The Frontend module

This module is a Vite-powered React single-page application that provides the user interface for the system. It allows users to upload code files, automatically extracts comments from those files, queries the backend classification API, and presents the predicted categories inline with the source code for inspection.

Purpose and capabilities

The application supports Java, Python, and Pharo source files, automatically inferring the language from the file extension (.java, .py, .pharo/.cls). After upload, it parses the file, extracts individual comments, and maintains them in local React state along with the full file content and detected language. Users can then trigger classification, which sends each comment to the backend /predict endpoint, receives the predicted labels, and displays them next to the corresponding lines in the code viewer.

In our pipeline, we train models using a composite feature "comment | class_name" to provide richer semantic context, disambiguating short or ambiguous comments by incorporating class names as privileged information, which stabilizes learning on noisy datasets and improves generalization following Learning Using Privileged Information (LUPI) principles. At inference time, however, the frontend supplies only the raw "comment" string to ensure a simple, realistic user experience, avoiding the need to query class names, which may be unavailable in refactoring or snippet-based scenarios, while relying solely on the always-available comment text for seamless deployment. This balances training efficiency with practical usability.

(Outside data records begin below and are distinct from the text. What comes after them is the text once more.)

text \<open>The sum below is the Leibniz expansion of the matrix \<open>(L i \<bullet> j)\<close> with column \<open>c\<close> replaced
  by column \<open>d\<close>; for \<open>c \<noteq> d\<close> composing with the transposition of \<open>c\<close> and \<open>d\<close> flips its sign.\<close>

lemma det_lin_replace_column:
  fixes L :: "'a::euclidean_space \<Rightarrow> 'a"
  assumes c: "c \<in> Basis" and d: "d \<in> Basis"
  shows "(\<Sum>p | p permutes (Basis::'a set). of_int (sign p) *
            (\<Prod>b\<in>Basis. L (p b) \<bullet> (if b = c then d else b))) = (if c = d then det_lin L else 0)"
proof (cases "c = d")
  case True
  then show ?thesis
    by (simp add: det_lin_def)
next
  case cd: False
  define P where "P = {p. p permutes (Basis::'a set)}"
  define \<tau> where "\<tau> = Transposition.transpose c d"
  define \<sigma> where "\<sigma> b = (if b = c then d else b)" for b
  define g where "g p = of_int (sign p) * (\<Prod>b\<in>Basis. L (p b) \<bullet> \<sigma> b)" for p
  have \<tau>: "\<tau> permutes Basis"
    unfolding \<tau>_def using c d by (rule permutes_swap_id)
  have \<sigma>\<tau>: "\<sigma> (\<tau> b) = \<sigma> b" for b
    using cd by (auto simp: \<sigma>_def \<tau>_def Transposition.transpose_def)
  have g_swap: "g (p \<circ> \<tau>) = - g p" if "p \<in> P" for p
  proof -
    have "permutation p" "permutation \<tau>"
      using that \<tau> by (auto simp: P_def intro: permutes_imp_permutation[OF finite_Basis])
    then have "sign (p \<circ> \<tau>) = - sign p"
      using cd by (simp add: sign_compose \<tau>_def sign_swap_id)
    moreover have "(\<Prod>b\<in>Basis. L ((p \<circ> \<tau>) b) \<bullet> \<sigma> b) = (\<Prod>b\<in>Basis. L (p b) \<bullet> \<sigma> b)"
      using prod.permute[OF \<tau>, of "\<lambda>x. L (p x) \<bullet> \<sigma> x"] \<sigma>\<tau> by (simp add: o_def)
    ultimately show ?thesis
      unfolding g_def by simp
  qed
  have "(\<lambda>p. p \<circ> \<tau>) ` P \<subseteq> P"
    using \<tau> by (auto simp: P_def intro: permutes_compose)
  then have "bij_betw (\<lambda>p. p \<circ> \<tau>) P P"
    by (intro bij_betw_byWitness[where f'="\<lambda>p. p \<circ> \<tau>"]) (simp_all add: \<tau>_def o_assoc[symmetric])
  then have "sum g P = sum (\<lambda>p. g (p \<circ> \<tau>)) P"
    using sum.reindex_bij_betw[of "\<lambda>p. p \<circ> \<tau>" P P g] by simp
  also have "\<dots> = - sum g P"
    using g_swap by (simp add: sum_negf[symmetric])
  finally show ?thesis
    using cd unfolding g_def P_def \<sigma>_def by simp
qed

lemma linear_inner_times_prod_expand:
  fixes M u :: "'a::euclidean_space \<Rightarrow> 'a"
  assumes M: "linear M" and c: "c \<in> Basis"
  shows "(M (u c) \<bullet> c) * (\<Prod>b\<in>Basis-{c}. u b \<bullet> b)
       = (\<Sum>d\<in>Basis. (M d \<bullet> c) * (\<Prod>b\<in>Basis. u b \<bullet> (if b = c then d else b)))"
proof -
  define Q where "Q = (\<Prod>b\<in>Basis-{c}. u b \<bullet> b)"
  have "M (u c) = M (\<Sum>d\<in>Basis. (u c \<bullet> d) *\<^sub>R d)"
    by (simp add: euclidean_representation)
  also have "\<dots> = (\<Sum>d\<in>Basis. (u c \<bullet> d) *\<^sub>R M d)"
    by (simp add: linear_sum[OF M] linear_cmul[OF M])
  finally have "M (u c) \<bullet> c = (\<Sum>d\<in>Basis. (M d \<bullet> c) * (u c \<bullet> d))"
    by (simp add: inner_sum_left mult.commute)
  moreover have "(\<Prod>b\<in>Basis. u b \<bullet> (if b = c then d else b)) = (u c \<bullet> d) * Q" for d
  proof -
    have "(\<Prod>b\<in>Basis-{c}. u b \<bullet> (if b = c then d else b)) = Q"
      unfolding Q_def by (rule prod.cong) auto
    then show ?thesis
      by (subst prod.remove[OF finite_Basis c]) simp
  qed
  ultimately show ?thesis
    unfolding Q_def[symmetric] by (simp add: sum_distrib_right mult.assoc)
qed

lemma trace_lin_mult_det_lin:
  fixes L M :: "'a::euclidean_space \<Rightarrow> 'a"
  assumes M: "linear M"
  shows "(\<Sum>p | p permutes (Basis::'a set). of_int (sign p) *
            (\<Sum>c\<in>Basis. (M (L (p c)) \<bullet> c) * (\<Prod>b\<in>Basis-{c}. L (p b) \<bullet> b)))
       = trace_lin M * det_lin L"
proof -
  define P where "P = {p. p permutes (Basis::'a set)}"
  define R where "R p c d = (\<Prod>b\<in>Basis. L (p b) \<bullet> (if b = c then d else b))" for p and c d :: 'a
  have expand_term: "(M (L (p c)) \<bullet> c) * (\<Prod>b\<in>Basis-{c}. L (p b) \<bullet> b) = (\<Sum>d\<in>Basis. (M d \<bullet> c) * R p c d)"
    if "c \<in> Basis" for p c
    unfolding R_def by (rule linear_inner_times_prod_expand[OF M that])
  have "(\<Sum>p\<in>P. of_int (sign p) * (\<Sum>c\<in>Basis. (M (L (p c)) \<bullet> c) * (\<Prod>b\<in>Basis-{c}. L (p b) \<bullet> b)))
      = (\<Sum>p\<in>P. \<Sum>c\<in>Basis. \<Sum>d\<in>Basis. (M d \<bullet> c) * (of_int (sign p) * R p c d))"
  proof (rule sum.cong[OF refl])
    fix p
    have "of_int (sign p) * (\<Sum>c\<in>Basis. (M (L (p c)) \<bullet> c) * (\<Prod>b\<in>Basis-{c}. L (p b) \<bullet> b))
        = of_int (sign p) * (\<Sum>c\<in>Basis. \<Sum>d\<in>Basis. (M d \<bullet> c) * R p c d)"
      by (simp add: expand_term)
    then show "of_int (sign p) * (\<Sum>c\<in>Basis. (M (L (p c)) \<bullet> c) * (\<Prod>b\<in>Basis-{c}. L (p b) \<bullet> b))
        = (\<Sum>c\<in>Basis. \<Sum>d\<in>Basis. (M d \<bullet> c) * (of_int (sign p) * R p c d))"
      by (simp add: sum_distrib_left mult.left_commute)
  qed
  also have "\<dots> = (\<Sum>c\<in>Basis. \<Sum>d\<in>Basis. (M d \<bullet> c) * (\<Sum>p\<in>P. of_int (sign p) * R p c d))"
    unfolding sum_distrib_left by (subst sum.swap) (simp add: sum.swap[of _ P])
  also have "\<dots> = (\<Sum>c\<in>Basis. (M c \<bullet> c) * det_lin L)"
  proof (rule sum.cong[OF refl])
    fix c :: 'a assume c: "c \<in> Basis"
    have "(\<Sum>d\<in>Basis. (M d \<bullet> c) * (\<Sum>p\<in>P. of_int (sign p) * R p c d))
        = (\<Sum>d\<in>Basis. (M d \<bullet> c) * (if c = d then det_lin L else 0))"
      unfolding P_def R_def by (intro sum.cong refl) (simp add: det_lin_replace_column c)
    also have "\<dots> = (M c \<bullet> c) * det_lin L"
      using c by (simp add: if_distrib sum.delta cong: if_cong)
    finally show "(\<Sum>d\<in>Basis. (M d \<bullet> c) * (\<Sum>p\<in>P. of_int (sign p) * R p c d)) = (M c \<bullet> c) * det_lin L" .
  qed
  also have "\<dots> = trace_lin M * det_lin L"
    by (simp add: trace_lin_def sum_distrib_right)
  finally show ?thesis
    by (simp add: P_def)
qed

lemma has_derivative_det_lin:
  fixes L :: "real \<Rightarrow> 'a::euclidean_space \<Rightarrow> 'a"
  assumes M: "linear M"
    and L': "\<And>a b. ((\<lambda>s. L s a \<bullet> b) has_derivative (\<lambda>h. h * (M (L t a) \<bullet> b))) (at t within X)"
  shows "((\<lambda>s. det_lin (L s)) has_derivative (\<lambda>h. h * (trace_lin M * det_lin (L t)))) (at t within X)"
proof -
  have "((\<lambda>s. det_lin (L s)) has_derivative
     (\<lambda>h. \<Sum>p | p permutes (Basis::'a set). of_int (sign p) *
            (\<Sum>c\<in>Basis. h * (M (L t (p c)) \<bullet> c) * (\<Prod>b\<in>Basis-{c}. L t (p b) \<bullet> b)))) (at t within X)"
    unfolding det_lin_def by (intro has_derivative_sum has_derivative_mult_right has_derivative_prod L')
  moreover have "(\<Sum>p | p permutes (Basis::'a set). of_int (sign p) *
            (\<Sum>c\<in>Basis. h * (M (L t (p c)) \<bullet> c) * (\<Prod>b\<in>Basis-{c}. L t (p b) \<bullet> b)))
      = h * (trace_lin M * det_lin (L t))" for h
    unfolding trace_lin_mult_det_lin[OF M, symmetric] by (simp add: sum_distrib_left mult_ac)
  ultimately show ?thesis
    by simp
qed

lemma smooth_flow_space_derivative:
  assumes \<phi>: "smooth_on (T \<times> W) (\<lambda>(t, z). \<phi> t z)" and "s \<in> T" "y \<in> W"
  shows "(\<phi> s has_derivative (\<lambda>a. dderiv [(0, a)] (\<lambda>(t, z). \<phi> t z) (s, y))) (at y)"
  using has_derivative_partial_snd[OF smooth_on_has_derivative[OF \<phi>, of "(s, y)" "[]"]] assms(2,3)
  by simp

lemma smooth_flow_time_derivative:
  assumes \<phi>: "smooth_on (T \<times> W) (\<lambda>(t, z). \<phi> t z)" and s: "s \<in> T" and y: "y \<in> W"
    and flow: "((\<lambda>s. \<phi> s y) has_vector_derivative F s (\<phi> s y)) (at s)"
  shows "dderiv [(1, 0)] (\<lambda>(t, z). \<phi> t z) (s, y) = F s (\<phi> s y)"
proof -
  have "((\<lambda>s. \<phi> s y) has_derivative (\<lambda>h. frechet_derivative (\<lambda>(t, z). \<phi> t z) (at (s, y)) (h, 0))) (at s)"
    using has_derivative_partial_fst[OF smooth_on_has_derivative[OF \<phi>, of "(s, y)" "[]"]] s y by simp
  moreover have "((\<lambda>s. \<phi> s y) has_derivative (\<lambda>h. h *\<^sub>R F s (\<phi> s y))) (at s)"
    using flow by (simp add: has_vector_derivative_def)
  ultimately have "frechet_derivative (\<lambda>(t, z). \<phi> t z) (at (s, y)) (1, 0) = F s (\<phi> s y)"
    by (metis has_derivative_unique scaleR_one)
  then show ?thesis
    by simp
qed

lemma smooth_flow_mixed_derivative:
  fixes \<phi> F :: "real \<Rightarrow> 'a::euclidean_space \<Rightarrow> 'a"
  assumes F: "F s differentiable (at (\<phi> s z))" and W: "open W"
    and \<phi>: "smooth_on (T \<times> W) (\<lambda>(t, z). \<phi> t z)"
    and flow: "\<And>y. y \<in> W \<Longrightarrow> ((\<lambda>s. \<phi> s y) has_vector_derivative F s (\<phi> s y)) (at s)"
    and s: "s \<in> T" and z: "z \<in> W"
  shows "dderiv [(0, a), (1, 0)] (\<lambda>(t, z). \<phi> t z) (s, z)
      = frechet_derivative (F s) (at (\<phi> s z)) (dderiv [(0, a)] (\<lambda>(t, z). \<phi> t z) (s, z))"
proof -
  define \<Phi> where "\<Phi> = (\<lambda>(t, z). \<phi> t z)"
  have "((\<lambda>y. dderiv [(1, 0)] \<Phi> (s, y)) has_derivative (\<lambda>a. dderiv [(0, a), (1, 0)] \<Phi> (s, z))) (at z)"
    using has_derivative_partial_snd[OF smooth_on_has_derivative[OF \<phi>, of "(s, z)" "[(1, 0)]"]] s z
    by (simp add: \<Phi>_def)
  moreover have "dderiv [(1, 0)] \<Phi> (s, y) = F s (\<phi> s y)" if "y \<in> W" for y
    unfolding \<Phi>_def by (rule smooth_flow_time_derivative[where F=F, OF \<phi> s that flow[OF that]])
  ultimately have "((\<lambda>y. F s (\<phi> s y)) has_derivative (\<lambda>a. dderiv [(0, a), (1, 0)] \<Phi> (s, z))) (at z)"
    by (rule has_derivative_transform_within_open[OF _ W z])
  moreover have "(F s has_derivative frechet_derivative (F s) (at (\<phi> s z))) (at (\<phi> s z))"
    using F frechet_derivative_works by blast
  then have "((\<lambda>y. F s (\<phi> s y)) has_derivative
      (\<lambda>a. frechet_derivative (F s) (at (\<phi> s z)) (dderiv [(0, a)] \<Phi> (s, z)))) (at z)"
    using has_derivative_compose[OF smooth_flow_space_derivative[OF \<phi> s z]] by (simp add: o_def \<Phi>_def)
  ultimately show ?thesis
    unfolding \<Phi>_def by (metis has_derivative_unique)
qed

Architecture and configuration

The project is configured as a standard Vite React app, with main.jsx mounting the root App component into the index.html container under React’s StrictMode. The package.json file defines the project metadata, development scripts (dev, build, preview, lint), and dependencies, including React, ReactDOM, and prism-react-renderer for syntax highlighting in the code viewer. The Vite configuration (vite.config.js) is minimal, enabling the React plugin and relying on Vite’s default optimizations for development and production builds.

Core application logic

The App.jsx component orchestrates the application’s main workflow using React hooks for state and effects. It tracks the uploaded file, its textual content, the selected language, the list of extracted comments, the currently chosen model type, the set of available models per language, the classification results, and a status object used by the status bar. On initial load, it queries the backend /models endpoint (through a base URL read from VITE_API_URL or defaulting to http://localhost:8080) to discover which language–model-type combinations are available and uses that information to populate the model selection UI and initial defaults.

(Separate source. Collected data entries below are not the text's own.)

lemma pal_factor_thue_morse_unscale:
  assumes "c < 4" "4 * a + c < 4 * b - c" "pal_factor tm (4 * a + c) (4 * b - c)"
  shows "pal_factor tm a b"
  unfolding pal_factor_def
proof (intro allI impI)
  fix s assume "s < b - a"
  \<comment> \<open>position r of the block tau(t[a + s]) lies inside the scaled factor\<close>
  define r where "r = (if s = 0 then c else 0)"
  define k where "k = 4 * s + r - c"
  have "r < 4" "k < 4 * b - c - (4 * a + c)"
    using assms(1,2) \<open>s < b - a\<close> unfolding r_def k_def by auto
  with assms(3) have "tm (4 * a + c + k) = tm (4 * b - c - 1 - k)" by (simp add: pal_factor_def)
  moreover have "4 * a + c + k = 4 * (a + s) + r" "4 * b - c - 1 - k = 4 * (b - 1 - s) + (3 - r)"
    using assms(1,2) \<open>s < b - a\<close> unfolding r_def k_def by auto
  ultimately show "tm (a + s) = tm (b - 1 - s)"
    using thue_morse_4q_mirror_iff[OF \<open>r < 4\<close>] by metis
qed

lemma pal_factor_thue_morse_cases:
  assumes pal: "pal_factor tm j m" and "j < m"
  obtains "m = j + 1"
  | "m = j + 3" "tm j = tm (j + 2)"
  | a b c where "c < 4" "j = 4 * a + c" "m = 4 * b - c" "pal_factor tm a b"
proof -
  have mirror: "tm (j + k) = tm (m - 1 - k)" if "k < m - j" for k
    using pal that by (simp add: pal_factor_def)
  show ?thesis
  proof (cases "even (m - j)")
    case False
    then obtain h where h: "m - j = 2 * h + 1" by (blast elim: oddE)
    consider "h = 0" | "h = 1" | "2 \<le> h" by linarith
    then show ?thesis
    proof cases
      case 2
      with h mirror[of 0] that(2) show ?thesis by simp
    next
      case 3
      define e where "e = j + h - 2"
      have "j + (h - 2) = e" "m - 1 - (h - 2) = e + 4" "j + (h - 1) = e + 1" "m - 1 - (h - 1) = e + 3"
        "h - 2 < m - j" "h - 1 < m - j"
        using h 3 unfolding e_def by auto
      then have "tm e = tm (e + 4)" "tm (e + 1) = tm (e + 3)"
        using mirror[of "h - 2"] mirror[of "h - 1"] by simp_all
      with thue_morse_no_palindrome_5 show ?thesis by blast
    qed (use h that(1) in simp)
  next
    case True
    then obtain h where h: "m - j = 2 * h" by blast
    define e where "e = j + h - 1"
    have "j + (h - 1) = e" "m - 1 - (h - 1) = e + 1" "h - 1 < m - j"
      using h \<open>j < m\<close> unfolding e_def by auto
    then have "tm e = tm (e + 1)" using mirror[of "h - 1"] by simp
    then have "odd e" using thue_morse_even_neq_Suc by blast
    moreover have "e + 1 = j + h" using h \<open>j < m\<close> e_def by simp
    ultimately have "even (j + h)" by (metis even_Suc Suc_eq_plus1)
    then obtain t where "j + h = 2 * t" by blast
    with h \<open>j < m\<close> have "j + m = 4 * t" by simp
    define a c b where "a = j div 4" and "c = j mod 4" and "b = (m + c) div 4"
    have "(m + c) mod 4 = 0"
      unfolding c_def using \<open>j + m = 4 * t\<close> by (simp add: mod_add_right_eq add.commute)
    then have "c < 4" "j = 4 * a + c" "m = 4 * b - c"
      unfolding a_def b_def c_def by auto
    moreover from calculation have "pal_factor tm a b"
      using pal_factor_thue_morse_unscale \<open>j < m\<close> pal by metis
    ultimately show ?thesis using that(3) by blast
  qed
qed

lemma nat_mod_4_cases:
  fixes m :: nat
  obtains q where "m = 4 * q" | q where "m = 4 * q + 1" | q where "m = 4 * q + 2"
  | q where "m = 4 * q + 3"
proof -
  have "m mod 4 = 0 \<or> m mod 4 = 1 \<or> m mod 4 = 2 \<or> m mod 4 = 3" by auto
  moreover have "m = 4 * (m div 4) + m mod 4" by simp
  ultimately show ?thesis using that by (elim disjE) (metis add_0_right)+
qed

abbreviation ppl :: "nat \<Rightarrow> nat" where
  "ppl \<equiv> PPL thue_morse"

definition ppl_formula :: "nat \<Rightarrow> nat" where
  "ppl_formula m =
    (let q = m div 4 in
     if m mod 4 = 0 then ppl q
     else if m mod 4 = 1 then ppl q + 1
     else if m mod 4 = 2 then min (ppl q) (ppl (q + 1)) + 2
     else ppl (q + 1) + 1)"

lemma ppl_formula_4q: "ppl_formula (4 * q) = ppl q"
  and ppl_formula_4q_1: "ppl_formula (4 * q + 1) = ppl q + 1"
  and ppl_formula_4q_2: "ppl_formula (4 * q + 2) = min (ppl q) (ppl (q + 1)) + 2"
  and ppl_formula_4q_3: "ppl_formula (4 * q + 3) = ppl (q + 1) + 1"
proof -
  have "(4 * q + r) div 4 = q" "(4 * q + r) mod 4 = r" if "r < 4" for r
    using that by simp_all
  from this[of 1] this[of 2] this[of 3] show "ppl_formula (4 * q) = ppl q"
    "ppl_formula (4 * q + 1) = ppl q + 1" "ppl_formula (4 * q + 2) = min (ppl q) (ppl (q + 1)) + 2"
    "ppl_formula (4 * q + 3) = ppl (q + 1) + 1"
    by (simp_all add: ppl_formula_def)
qed

lemmas ppl_formula_4q_simps = ppl_formula_4q ppl_formula_4q_1 ppl_formula_4q_2 ppl_formula_4q_3

lemma ppl_formula_Suc_le: "ppl_formula (j + 1) \<le> ppl_formula j + 1"
proof (cases j rule: nat_mod_4_cases)
  case (1 q)
  then have j1: "j + 1 = 4 * q + 1" by simp
  show ?thesis unfolding j1 unfolding 1 ppl_formula_4q_simps by simp
next
  case (2 q)
  then have j1: "j + 1 = 4 * q + 2" by simp
  show ?thesis unfolding j1 unfolding 2 ppl_formula_4q_simps by simp
next
  case (3 q)
  then have j1: "j + 1 = 4 * q + 3" by simp
  show ?thesis unfolding j1 unfolding 3 ppl_formula_4q_simps using PPL_Suc_le[of thue_morse q] by simp
next
  case (4 q)
  then have j1: "j + 1 = 4 * (q + 1)" by simp
  show ?thesis unfolding j1 unfolding 4 ppl_formula_4q_simps by simp
qed

lemma ppl_formula_le_triple:
  assumes "tm j = tm (j + 2)"
  shows "ppl_formula (j + 3) \<le> ppl_formula j + 1"
proof (cases j rule: nat_mod_4_cases)
  case (1 q)
  then have j2: "j + 2 = 4 * q + 2" by simp
  from assms show ?thesis unfolding j2 unfolding 1 thue_morse_4q thue_morse_4q_2 by simp
next
  case (2 q)
  then have j3: "j + 3 = 4 * (q + 1)" by simp
  show ?thesis unfolding j3 unfolding 2 ppl_formula_4q_simps using PPL_Suc_le[of thue_morse q] by simp
next
  case (3 q)
  then have j3: "j + 3 = 4 * (q + 1) + 1" by simp
  show ?thesis unfolding j3 unfolding 3 ppl_formula_4q_simps using PPL_Suc_le[of thue_morse q] by simp
next
  case (4 q)
  then have j3: "j + 3 = 4 * (q + 1) + 2" by simp
  show ?thesis unfolding j3 unfolding 4 ppl_formula_4q_simps by simp
qed

lemma ppl_formula_le_scaled:
  assumes "c < 4" "4 * a + c < 4 * b - c" "pal_factor tm a b"
  shows "ppl_formula (4 * b - c) \<le> ppl_formula (4 * a + c) + 1"
proof -
  have "a < b" using assms(2) by linarith
  then have outer: "ppl b \<le> ppl a + 1" using PPL_le_pal_factor assms(3) by blast
  have inner: "ppl (b - 1) \<le> ppl (a + 1) + 1" if "a + 1 < b"
    using PPL_le_inner_pal_factor[OF assms(3) that] .
  consider "c = 0" | "c = 1" | "c = 2" | "c = 3" using assms(1) by linarith
  then show ?thesis
  proof cases
    case 1
    then show ?thesis using outer by (simp add: ppl_formula_4q)
  next
    case 2
    then have m: "4 * b - c = 4 * (b - 1) + 3" using \<open>a < b\<close> by simp
    show ?thesis unfolding m unfolding 2 ppl_formula_4q_simps using outer \<open>a < b\<close> by simp
  next
    case 3
    then have m: "4 * b - c = 4 * (b - 1) + 2" and "a + 1 < b" using assms(2) by simp_all
    show ?thesis unfolding m unfolding 3 ppl_formula_4q_simps using outer inner \<open>a + 1 < b\<close> by simp
  next
    case 4
    then have m: "4 * b - c = 4 * (b - 1) + 1" and "a + 1 < b" using assms(2) by simp_all
    show ?thesis unfolding m unfolding 4 ppl_formula_4q_simps using inner \<open>a + 1 < b\<close> by simp
  qed
qed

lemma ppl_formula_le_pal_factor:
  assumes "j < m" "pal_factor tm j m"
  shows "ppl_formula m \<le> ppl_formula j + 1"
  using assms(2,1)
proof (cases rule: pal_factor_thue_morse_cases)
  case 1
  then show ?thesis using ppl_formula_Suc_le by simp
next
  case 2
  then show ?thesis using ppl_formula_le_triple by simp
next
  case (3 a b c)
  then show ?thesis using ppl_formula_le_scaled assms(1) by simp
qed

File handling and comment extraction

When a user selects a file, the application validates the extension to ensure the language is supported, reads the file content via FileReader, and stores it in state. It then calls a utility function from utils/comment-extractor to extract comments for the detected language, producing a list of comment objects that include at least the text and line number. The app clears any existing classifications, updates the status message with the number of comments found, and, if possible, selects an appropriate default model type based on the available models for that language.

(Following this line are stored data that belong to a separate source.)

definition gregular :: "'v set \<Rightarrow> ('v \<Rightarrow> 'v \<Rightarrow> bool) \<Rightarrow> nat \<Rightarrow> bool" where
  "gregular V E k \<longleftrightarrow> (\<forall>x\<in>V. gdeg V E x = k)"

text \<open>Circulant graph X(Z_n, S): vertices 0..n-1 (representatives of Z_n),
x ~ y iff (y - x) mod n \<in> S, S given by residues in {0..n-1}.\<close>
definition circ_V :: "int \<Rightarrow> int set" where
  "circ_V n = {0..<n}"

definition circ_E :: "int \<Rightarrow> int set \<Rightarrow> int \<Rightarrow> int \<Rightarrow> bool" where
  "circ_E n S x y \<longleftrightarrow> (y - x) mod n \<in> S"

definition pm_set :: "int \<Rightarrow> int \<Rightarrow> int \<Rightarrow> int set" where
  "pm_set n a b = {a mod n, (- a) mod n, b mod n, (- b) mod n}"

end

theory Submission
  imports Defs "HOL-Library.Z2" "HOL-Number_Theory.Residues"
begin

(* Let F_t(v) be the total amplitude of U^t d^* e_x on the arcs entering v. In a 4-regular graph
   F_(t+2) = A F_(t+1) / 2 - F_t with F_0 = 2 e_x and F_1 = A e_x / 2, so K_t = 2^t F_t is an
   integer vector and K_t = A^t e_x (mod 2) for t >= 1. Perfect state transfer at time tau gives
   F_tau = 2 gamma e_y with |gamma| = 1, so K_tau is even and A^tau e_x = 0 over GF(2).
   On the circulant, A is the sum of the shifts by +-a and +-b, and over GF(2) squaring A doubles
   the shifts. Hence for 2^j = 1 (mod l) and 2^j >= tau, the vector A^(2^j) e_x, which must vanish,
   has entry 1 at x + 2^j a: the other three shifts would need l to divide 2a, a + b or a - b. *)

definition nbhd :: "'v set \<Rightarrow> ('v \<Rightarrow> 'v \<Rightarrow> bool) \<Rightarrow> 'v \<Rightarrow> 'v set" where
  "nbhd V E v = {u \<in> V. E v u}"

definition adj_sum :: "'v set \<Rightarrow> ('v \<Rightarrow> 'v \<Rightarrow> bool) \<Rightarrow> ('v \<Rightarrow> 'a::comm_monoid_add) \<Rightarrow> 'v \<Rightarrow> 'a"
  where "adj_sum V E h v = (\<Sum>u\<in>nbhd V E v. h u)"

(* inflow V E \<psi> is sqrt k times the boundary d \<psi> of the paper. *)
definition inflow :: "'v set \<Rightarrow> ('v \<Rightarrow> 'v \<Rightarrow> bool) \<Rightarrow> ('v \<times> 'v \<Rightarrow> complex) \<Rightarrow> 'v \<Rightarrow> complex"
  where "inflow V E \<psi> v = (\<Sum>u\<in>nbhd V E v. \<psi> (u, v))"

definition outflow :: "'v set \<Rightarrow> ('v \<Rightarrow> 'v \<Rightarrow> bool) \<Rightarrow> ('v \<times> 'v \<Rightarrow> complex) \<Rightarrow> 'v \<Rightarrow> complex"
  where "outflow V E \<psi> v = (\<Sum>u\<in>nbhd V E v. \<psi> (v, u))"

lemma adj_sum_cong: "(\<And>u. u \<in> V \<Longrightarrow> h u = g u) \<Longrightarrow> adj_sum V E h v = adj_sum V E g v"
  unfolding adj_sum_def nbhd_def by (rule sum.cong) auto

Classification workflow and caching

The classification process is initiated by the user through the UploadPanel controls. The app iterates over the list of extracted comments and, for each one, first consults a custom hook (use-classification-cache) to see if an identical (comment, language, model type) combination has already been classified. Cached results are immediately reused to avoid redundant backend calls. For uncached comments, the app formats the input using formatCommentForAPI (which can combine comment text with additional context from the surrounding file when needed) and sends a JSON payload to the backend /predict endpoint containing the text, language, and model type.

Handling API responses and UI updates

For each response, the application normalizes the prediction format (for example flattening nested arrays), stores the predictions in the cache, and merges them into the classifications state keyed by line number. Throughout this loop, it keeps track of how many comments have been successfully processed and updates an isClassifying flag used to control the UI (e.g., disabling buttons or showing a loading state). When the process completes, it sets a success status summarizing how many comments were classified out of the total, or logs and surfaces error statuses when requests fail.

User interface structure and folder organization

The user interface is composed from several dedicated components located under src/components:

Header renders the application’s top bar, title, or branding.
UploadPanel hosts file selection, language and model selectors, and action buttons for classifying or clearing the current session.
CodeViewer shows the source file content with syntax highlighting and overlays classification results on the corresponding comment lines, likely using prism-react-renderer for styling.
StatusBar displays contextual feedback such as errors, progress messages, and success notifications.

Supporting logic is organized into src/hooks (such as the classification cache hook) and src/utils (including comment extraction and API formatting helpers), promoting reuse and separating concerns between presentation, state management, and low-level utilities. Styling is provided via App.css, index.css, and other CSS modules under src, while the public directory and index.html follow the standard Vite structure for static assets and the root HTML shell.